Problem requirements:
Go through the material below and copy all lines with "also".

Task inputs:

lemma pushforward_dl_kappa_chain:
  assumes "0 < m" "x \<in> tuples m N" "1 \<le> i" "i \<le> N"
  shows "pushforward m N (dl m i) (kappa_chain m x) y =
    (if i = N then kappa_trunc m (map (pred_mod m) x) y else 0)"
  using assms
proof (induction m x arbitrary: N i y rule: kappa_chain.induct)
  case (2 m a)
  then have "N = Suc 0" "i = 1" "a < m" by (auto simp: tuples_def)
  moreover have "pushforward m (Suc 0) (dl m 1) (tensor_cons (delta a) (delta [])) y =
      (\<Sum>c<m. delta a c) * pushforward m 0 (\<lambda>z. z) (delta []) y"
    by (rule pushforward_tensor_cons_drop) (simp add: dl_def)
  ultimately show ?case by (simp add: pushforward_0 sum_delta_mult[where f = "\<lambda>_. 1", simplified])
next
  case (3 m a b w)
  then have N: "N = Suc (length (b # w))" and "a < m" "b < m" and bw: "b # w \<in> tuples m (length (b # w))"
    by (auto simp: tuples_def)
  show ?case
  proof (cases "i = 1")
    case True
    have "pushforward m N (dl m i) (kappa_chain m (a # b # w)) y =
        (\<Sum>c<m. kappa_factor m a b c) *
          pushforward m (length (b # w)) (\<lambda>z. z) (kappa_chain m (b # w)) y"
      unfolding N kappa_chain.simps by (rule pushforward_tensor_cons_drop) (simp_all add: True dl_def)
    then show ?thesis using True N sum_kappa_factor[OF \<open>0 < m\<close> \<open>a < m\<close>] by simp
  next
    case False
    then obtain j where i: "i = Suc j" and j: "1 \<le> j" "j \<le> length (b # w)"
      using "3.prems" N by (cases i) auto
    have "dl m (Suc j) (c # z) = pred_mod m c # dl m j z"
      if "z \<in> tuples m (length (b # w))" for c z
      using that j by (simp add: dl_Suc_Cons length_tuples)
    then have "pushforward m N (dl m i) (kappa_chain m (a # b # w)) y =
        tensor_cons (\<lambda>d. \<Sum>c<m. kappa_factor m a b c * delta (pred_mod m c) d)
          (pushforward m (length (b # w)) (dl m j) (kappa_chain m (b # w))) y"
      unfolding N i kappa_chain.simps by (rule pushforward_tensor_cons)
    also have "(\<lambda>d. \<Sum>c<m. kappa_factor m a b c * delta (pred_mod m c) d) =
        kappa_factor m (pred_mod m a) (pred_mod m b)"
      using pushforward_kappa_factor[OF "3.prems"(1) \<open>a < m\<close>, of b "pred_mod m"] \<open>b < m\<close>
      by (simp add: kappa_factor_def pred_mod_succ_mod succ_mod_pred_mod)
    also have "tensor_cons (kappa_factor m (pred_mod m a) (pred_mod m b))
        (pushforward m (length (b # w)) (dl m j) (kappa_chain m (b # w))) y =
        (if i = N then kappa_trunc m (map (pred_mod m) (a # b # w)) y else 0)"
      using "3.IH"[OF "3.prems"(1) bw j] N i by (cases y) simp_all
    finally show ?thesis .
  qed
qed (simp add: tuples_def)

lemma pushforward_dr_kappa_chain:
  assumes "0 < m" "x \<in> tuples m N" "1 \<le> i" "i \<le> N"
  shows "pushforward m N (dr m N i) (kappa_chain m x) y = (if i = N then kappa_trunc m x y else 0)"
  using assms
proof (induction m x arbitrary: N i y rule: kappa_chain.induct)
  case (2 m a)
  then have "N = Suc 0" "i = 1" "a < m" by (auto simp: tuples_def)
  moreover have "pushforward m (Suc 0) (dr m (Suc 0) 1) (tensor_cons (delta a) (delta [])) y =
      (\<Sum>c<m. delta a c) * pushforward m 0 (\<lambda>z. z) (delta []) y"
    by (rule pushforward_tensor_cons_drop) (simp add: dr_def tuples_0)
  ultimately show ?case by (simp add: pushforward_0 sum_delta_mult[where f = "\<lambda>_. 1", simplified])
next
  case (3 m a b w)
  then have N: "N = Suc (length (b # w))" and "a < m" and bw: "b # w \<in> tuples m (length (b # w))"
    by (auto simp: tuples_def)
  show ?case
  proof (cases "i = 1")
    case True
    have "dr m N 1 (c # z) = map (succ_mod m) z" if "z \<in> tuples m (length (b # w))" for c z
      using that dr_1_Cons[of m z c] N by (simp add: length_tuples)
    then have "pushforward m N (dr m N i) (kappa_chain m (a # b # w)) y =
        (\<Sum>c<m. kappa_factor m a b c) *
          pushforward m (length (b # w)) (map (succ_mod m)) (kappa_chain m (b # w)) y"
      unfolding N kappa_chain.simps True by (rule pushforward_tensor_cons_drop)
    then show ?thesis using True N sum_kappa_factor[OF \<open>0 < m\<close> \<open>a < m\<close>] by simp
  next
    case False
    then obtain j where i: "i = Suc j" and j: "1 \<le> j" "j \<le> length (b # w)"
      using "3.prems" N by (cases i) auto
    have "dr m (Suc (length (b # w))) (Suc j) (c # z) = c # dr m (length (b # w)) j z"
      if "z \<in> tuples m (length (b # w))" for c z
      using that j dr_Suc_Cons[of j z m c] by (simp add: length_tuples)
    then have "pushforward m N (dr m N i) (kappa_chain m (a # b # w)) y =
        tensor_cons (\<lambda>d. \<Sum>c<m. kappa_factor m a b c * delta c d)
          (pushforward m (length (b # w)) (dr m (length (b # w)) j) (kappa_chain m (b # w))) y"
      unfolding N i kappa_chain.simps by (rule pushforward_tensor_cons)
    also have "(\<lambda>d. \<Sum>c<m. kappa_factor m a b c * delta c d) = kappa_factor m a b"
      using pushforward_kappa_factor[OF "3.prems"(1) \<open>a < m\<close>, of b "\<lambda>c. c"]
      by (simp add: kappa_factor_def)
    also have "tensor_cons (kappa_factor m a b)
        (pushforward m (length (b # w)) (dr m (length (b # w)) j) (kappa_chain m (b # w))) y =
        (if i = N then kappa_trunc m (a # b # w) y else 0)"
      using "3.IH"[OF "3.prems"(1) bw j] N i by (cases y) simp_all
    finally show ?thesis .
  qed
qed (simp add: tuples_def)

Answer space:
    also have "(\<lambda>d. \<Sum>c<m. kappa_factor m a b c * delta (pred_mod m c) d) =
    also have "tensor_cons (kappa_factor m (pred_mod m a) (pred_mod m b))
    also have "(\<lambda>d. \<Sum>c<m. kappa_factor m a b c * delta c d) = kappa_factor m a b"
    also have "tensor_cons (kappa_factor m a b)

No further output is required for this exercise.